[Saved entries]
---------------

(* Let $G$ be a median graph in $\mathcal{U}_3$ with $n\ge 3$ vertices and $v_0$ its unique vertex lying in every majority halfspace. Let $u,v$ be vertices different from $v_0$ with $L_{v_0,u}\ne L_{v_0,v}$ and $L_{v_0,u}\cap L_{v_0,v}\neq\emptyset$, and let $m=m(u,v,v_0)$ be the median of $u,v,v_0$ (the unique vertex of $I(u,v)\cap I(v,v_0)\cap I(v_0,u)$). Then $m\ne v_0$ and $L_{v_0,m}=L_{v_0,u}\cap L_{v_0,v}$.
   Context: Graphs are finite, simple, connected, undirected; $d$ is shortest-path distance; $I(u,v)=\{x:d(u,x)+d(x,v)=d(u,v)\}$; a graph is median if every triple $x,y,z$ has $|I(x,y)\cap I(y,z)\cap I(z,x)|=1$. $\Theta$-classes: classes of the reflexive–transitive closure of the relation on edges "opposite edges of a 4-cycle"; deleting a $\Theta$-class $E_i$ of a median graph leaves two components with vertex sets (halfspaces) $H_i',H_i''$. $\mathcal{U}_3$ is the family of median graphs with $n$ vertices in which every $\Theta$-class satisfies $\min\{|H_i'|,|H_i''|\}<n/3$; the larger halfspace is the majority halfspace. For $u\ne v$, the ladder set $L_{u,v}$ is the set of $\Theta$-classes $E_i$ such that $u,v$ lie in different halfspaces of $E_i$ and $u$ is an endpoint of an edge of $E_i$. *)

theory Defs
  imports Main
begin

definition graph :: "'a set \<Rightarrow> ('a \<Rightarrow> 'a \<Rightarrow> bool) \<Rightarrow> bool" where
  "graph V E \<longleftrightarrow> finite V \<and> V \<noteq> {} \<and>
     (\<forall>a b. E a b \<longrightarrow> a \<in> V \<and> b \<in> V \<and> a \<noteq> b \<and> E b a) \<and>
     (\<forall>x\<in>V. \<forall>y\<in>V. E\<^sup>*\<^sup>* x y)"

definition gdist :: "('a \<Rightarrow> 'a \<Rightarrow> bool) \<Rightarrow> 'a \<Rightarrow> 'a \<Rightarrow> nat" where
  "gdist E u v = (LEAST k. (E ^^ k) u v)"

definition interval :: "'a set \<Rightarrow> ('a \<Rightarrow> 'a \<Rightarrow> bool) \<Rightarrow> 'a \<Rightarrow> 'a \<Rightarrow> 'a set" where
  "interval V E u v = {x \<in> V. gdist E u x + gdist E x v = gdist E u v}"

definition median_graph :: "'a set \<Rightarrow> ('a \<Rightarrow> 'a \<Rightarrow> bool) \<Rightarrow> bool" where
  "median_graph V E \<longleftrightarrow> graph V E \<and>
     (\<forall>x\<in>V. \<forall>y\<in>V. \<forall>z\<in>V.
        card (interval V E x y \<inter> interval V E y z \<inter> interval V E z x) = 1)"

definition edges :: "('a \<Rightarrow> 'a \<Rightarrow> bool) \<Rightarrow> 'a set set" where
  "edges E = {{a, b} | a b. E a b}"

definition opposite :: "('a \<Rightarrow> 'a \<Rightarrow> bool) \<Rightarrow> ('a set \<times> 'a set) set" where
  "opposite E = {({a, b}, {c, d}) | a b c d.
      distinct [a, b, c, d] \<and> E a b \<and> E b c \<and> E c d \<and> E d a}"

definition Theta :: "('a \<Rightarrow> 'a \<Rightarrow> bool) \<Rightarrow> ('a set \<times> 'a set) set" where
  "Theta E = (opposite E)\<^sup>* \<inter> (edges E \<times> edges E)"

definition theta_classes :: "('a \<Rightarrow> 'a \<Rightarrow> bool) \<Rightarrow> 'a set set set" where
  "theta_classes E = edges E // Theta E"

definition del_class :: "('a \<Rightarrow> 'a \<Rightarrow> bool) \<Rightarrow> 'a set set \<Rightarrow> 'a \<Rightarrow> 'a \<Rightarrow> bool" where
  "del_class E F a b \<longleftrightarrow> E a b \<and> {a, b} \<notin> F"

definition halfspace_of :: "'a set \<Rightarrow> ('a \<Rightarrow> 'a \<Rightarrow> bool) \<Rightarrow> 'a set set \<Rightarrow> 'a \<Rightarrow> 'a set" where
  "halfspace_of V E F x = {y \<in> V. (del_class E F)\<^sup>*\<^sup>* x y}"

definition halfspaces :: "'a set \<Rightarrow> ('a \<Rightarrow> 'a \<Rightarrow> bool) \<Rightarrow> 'a set set \<Rightarrow> 'a set set" where
  "halfspaces V E F = halfspace_of V E F ` V"

definition U3 :: "'a set \<Rightarrow> ('a \<Rightarrow> 'a \<Rightarrow> bool) \<Rightarrow> bool" where
  "U3 V E \<longleftrightarrow> median_graph V E \<and>
     (\<forall>F \<in> theta_classes E. 3 * Min (card ` halfspaces V E F) < card V)"

definition majority_halfspace :: "'a set \<Rightarrow> ('a \<Rightarrow> 'a \<Rightarrow> bool) \<Rightarrow> 'a set set \<Rightarrow> 'a set" where
  "majority_halfspace V E F =
     (THE H. H \<in> halfspaces V E F \<and> (\<forall>H' \<in> halfspaces V E F. H' \<noteq> H \<longrightarrow> card H' < card H))"

definition ladder :: "'a set \<Rightarrow> ('a \<Rightarrow> 'a \<Rightarrow> bool) \<Rightarrow> 'a \<Rightarrow> 'a \<Rightarrow> 'a set set set" where
  "ladder V E u v = {F \<in> theta_classes E.
      halfspace_of V E F u \<noteq> halfspace_of V E F v \<and> (\<exists>e \<in> F. u \<in> e)}"

end

theory Submission
  imports Defs
begin

text \<open>In a median graph every \<open>\<Theta>\<close>-class is the set of edges between \<open>W a b\<close> and
  \<open>W b a\<close> for any of its edges \<open>ab\<close> (Djokovi\'c), where \<open>W a b\<close> is the set of vertices closer
  to \<open>a\<close> than to \<open>b\<close>; these two sets are the halfspaces of the class, and they are convex.
  Hence the median \<open>m\<close> of \<open>u, v, v0\<close> lies on the side of every class that contains at least
  two of \<open>u, v, v0\<close>, so a class separates \<open>v0\<close> from \<open>m\<close> exactly when it separates \<open>v0\<close>
  from both \<open>u\<close> and \<open>v\<close>. Whether \<open>v0\<close> is incident to the class does not depend on the
  second vertex, so \<open>L(v0,m) = L(v0,u) \<inter> L(v0,v)\<close>, and as \<open>L(v0,v0)\<close> is empty, \<open>m \<noteq> v0\<close>.\<close>

locale connected_graph =
  fixes V :: "'a set" and E :: "'a \<Rightarrow> 'a \<Rightarrow> bool"
  assumes graph: "graph V E"
begin

abbreviation d :: "'a \<Rightarrow> 'a \<Rightarrow> nat" where "d \<equiv> gdist E"

lemma adj_sym: "E a b \<Longrightarrow> E b a"
  using graph unfolding graph_def by blast

lemma adj_in_V:
  assumes "E a b" shows "a \<in> V" "b \<in> V"
  using assms graph unfolding graph_def by blast+

lemma adj_neq: "E a b \<Longrightarrow> a \<noteq> b"
  using graph unfolding graph_def by blast

lemma walk_exists: "x \<in> V \<Longrightarrow> y \<in> V \<Longrightarrow> \<exists>k. (E ^^ k) x y"
  using graph unfolding graph_def by (meson rtranclp_imp_relpowp)

lemma dist_walk: "x \<in> V \<Longrightarrow> y \<in> V \<Longrightarrow> (E ^^ d x y) x y"
  unfolding gdist_def using walk_exists by (meson LeastI_ex)

lemma dist_le_walk: "(E ^^ k) x y \<Longrightarrow> d x y \<le> k"
  unfolding gdist_def by (rule Least_le)

lemma dist_self [simp]: "d x x = 0"
  using dist_le_walk[of 0 x x] by simp

lemma dist_eq_0D: "x \<in> V \<Longrightarrow> y \<in> V \<Longrightarrow> d x y = 0 \<Longrightarrow> x = y"
  using dist_walk[of x y] by simp

lemma walk_rev: "(E ^^ k) x y \<Longrightarrow> (E ^^ k) y x"
proof (induction k arbitrary: y)
  case (Suc k)
  then obtain w where "(E ^^ k) x w" "E w y" by (meson relpowp_Suc_E)
  then show ?case using Suc.IH relpowp_Suc_I2 adj_sym by metis
qed simp

lemma dist_sym: "x \<in> V \<Longrightarrow> y \<in> V \<Longrightarrow> d x y = d y x"
  by (meson antisym dist_le_walk dist_walk walk_rev)

lemma dist_triangle: "x \<in> V \<Longrightarrow> y \<in> V \<Longrightarrow> z \<in> V \<Longrightarrow> d x z \<le> d x y + d y z"
  by (meson dist_le_walk dist_walk relpowp_trans)

lemma dist_adj: "E x y \<Longrightarrow> d x y = 1"
  using dist_le_walk[of 1 x y] dist_eq_0D adj_in_V adj_neq by fastforce

lemma adj_if_dist_1: "x \<in> V \<Longrightarrow> y \<in> V \<Longrightarrow> d x y = 1 \<Longrightarrow> E x y"
  using dist_walk[of x y] by (metis relpowp_1)
lemma cross_power2: "cross (x\<^sup>2) (y\<^sup>2) = 2 * (x \<bullet> y) * cross x y"
  by (simp add: cross_def inner_complex_def power2_eq_square algebra_simps)

lemma cross_mult_cross: "cross a b * cross c d = (a \<bullet> c) * (b \<bullet> d) - (a \<bullet> d) * (b \<bullet> c)"
  by (simp add: cross_def inner_complex_def algebra_simps)

lemma norm_add_power2_sq:
  "(cmod (x\<^sup>2 + y\<^sup>2))\<^sup>2 = ((cmod x)\<^sup>2 - (cmod y)\<^sup>2)\<^sup>2 + 4 * (x \<bullet> y)\<^sup>2"
  unfolding cmod_power2 inner_complex_def by (simp add: power2_eq_square algebra_simps)

lemma norm_add_less_if_cross_ne_0:
  assumes "cross x y \<noteq> 0"
  shows "cmod (x + y) < cmod x + cmod y"
proof -
  have "cmod (x + y) \<noteq> cmod x + cmod y"
  proof
    assume "cmod (x + y) = cmod x + cmod y"
    then have "cmod x *\<^sub>R y = cmod y *\<^sub>R x"
      by (simp only: norm_triangle_eq)
    then have "cmod x * cross x y = 0"
      by (metis cross_scaleR_right cross_self mult_zero_right)
    with assms show False
      by (simp add: cross_def)
  qed
  then show ?thesis
    using norm_triangle_ineq[of x y] by linarith
qed
(* Let $\mathbb{F}_q$ be a finite field, $n\ge1$, and let $C\le \mathbb{F}_q^n$ be a linear code which is an abelian group code. Let $G$ be a regular subgroup of $S_n$ such that $\langle G, C_{S_n}(G)\rangle \le \mathrm{PAut}(C)$, and such that $C$ is permutation equivalent to some ideal of the group algebra $\mathbb{F}_q[G]$ on which the derived subgroup $G'$ acts trivially from the left (respectively, from the right). If $G'\neq\{1\}$, then there exist positive integers $s,t>1$ with $s\cdot t=n$ such that $C$ is permutation equivalent to a linear subspace of $\bigoplus_{i=1}^{s}\mathrm{Rep}_t(\mathbb{F}_q)\le\mathbb{F}_q^{st}$.
   Context: All groups are finite. $\mathcal{B}=\{e_1,\dots,e_n\}$ is the standard basis of $\mathbb{F}_q^n$. A permutation $\sigma\in S_n$ acts on $\mathbb{F}_q^n$ by $\sigma(\sum a_ie_i)=\sum a_i e_{\sigma(i)}$; two codes $C,C'\le\mathbb{F}_q^n$ are permutation equivalent if $\sigma(C)=C'$ for some $\sigma\in S_n$; $\mathrm{PAut}(C)=\{\sigma\in S_n:\sigma(C)=C\}$. A subgroup of $S_n$ is regular if it has order $n$ and acts transitively on $\{1,\dots,n\}$; $C_{S_n}(G)$ is the centralizer of $G$ in $S_n$. For a group $H$ of order $n$, $C$ is an $H$-code if there is a bijection $\phi:\mathcal{B}\to H$ whose $\mathbb{F}_q$-linear extension $\tilde\phi:\mathbb{F}_q^n\to\mathbb{F}_q[H]$ maps $C$ onto a two-sided ideal of $\mathbb{F}_q[H]$; $C$ is an abelian group code if it is an $H$-code for some abelian $H$. $C$ is permutation equivalent to an ideal $I$ of $\mathbb{F}_q[G]$ if there is a bijection $\phi:\mathcal{B}\to G$ with $\tilde\phi(C)=I$. A subgroup $U\le G$ acts trivially from the left (right) on $X\subseteq\mathbb{F}_q[G]$ if $ux=x$ (resp. $xu=x$) for all $u\in U,x\in X$. $\mathrm{Rep}_t(\mathbb{F}_q)=\{(\lambda,\dots,\lambda):\lambda\in\mathbb{F}_q\}\le\mathbb{F}_q^t$ is the repetition code of length $t$. *)

theory Defs
  imports "HOL-Algebra.Algebra" "HOL-Combinatorics.Permutations"
begin

text \<open>Vectors of F_q^n: functions on indices, zero outside {1..n}.
  The standard basis vector e_i corresponds to index i.\<close>

definition vecs :: "nat \<Rightarrow> (nat \<Rightarrow> 'a::field) set" where
  "vecs n = {v. \<forall>i. i \<notin> {1..n} \<longrightarrow> v i = 0}"

definition linear_code :: "nat \<Rightarrow> (nat \<Rightarrow> 'a::field) set \<Rightarrow> bool" where
  "linear_code n C \<longleftrightarrow> C \<subseteq> vecs n \<and> (\<lambda>_. 0) \<in> C \<and>
     (\<forall>x\<in>C. \<forall>y\<in>C. (\<lambda>i. x i + y i) \<in> C) \<and>
     (\<forall>c. \<forall>x\<in>C. (\<lambda>i. c * x i) \<in> C)"

text \<open>sigma(sum a_i e_i) = sum a_i e_(sigma i), i.e. (sigma v)(j) = v(sigma^-1 j).\<close>
definition perm_vec :: "(nat \<Rightarrow> nat) \<Rightarrow> (nat \<Rightarrow> 'a) \<Rightarrow> nat \<Rightarrow> 'a" where
  "perm_vec \<sigma> v = (\<lambda>j. v (Hilbert_Choice.inv \<sigma> j))"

---------------

What this task involves
Look through the entries above and quote exactly the lines from the line with "using assms graph" to the line with "V \<Longrightarrow> (E", counting both of those lines.

Output for this exercise
  using assms graph unfolding graph_def by blast+

lemma adj_neq: "E a b \<Longrightarrow> a \<noteq> b"
  using graph unfolding graph_def by blast

lemma walk_exists: "x \<in> V \<Longrightarrow> y \<in> V \<Longrightarrow> \<exists>k. (E ^^ k) x y"
  using graph unfolding graph_def by (meson rtranclp_imp_relpowp)

lemma dist_walk: "x \<in> V \<Longrightarrow> y \<in> V \<Longrightarrow> (E ^^ d x y) x y"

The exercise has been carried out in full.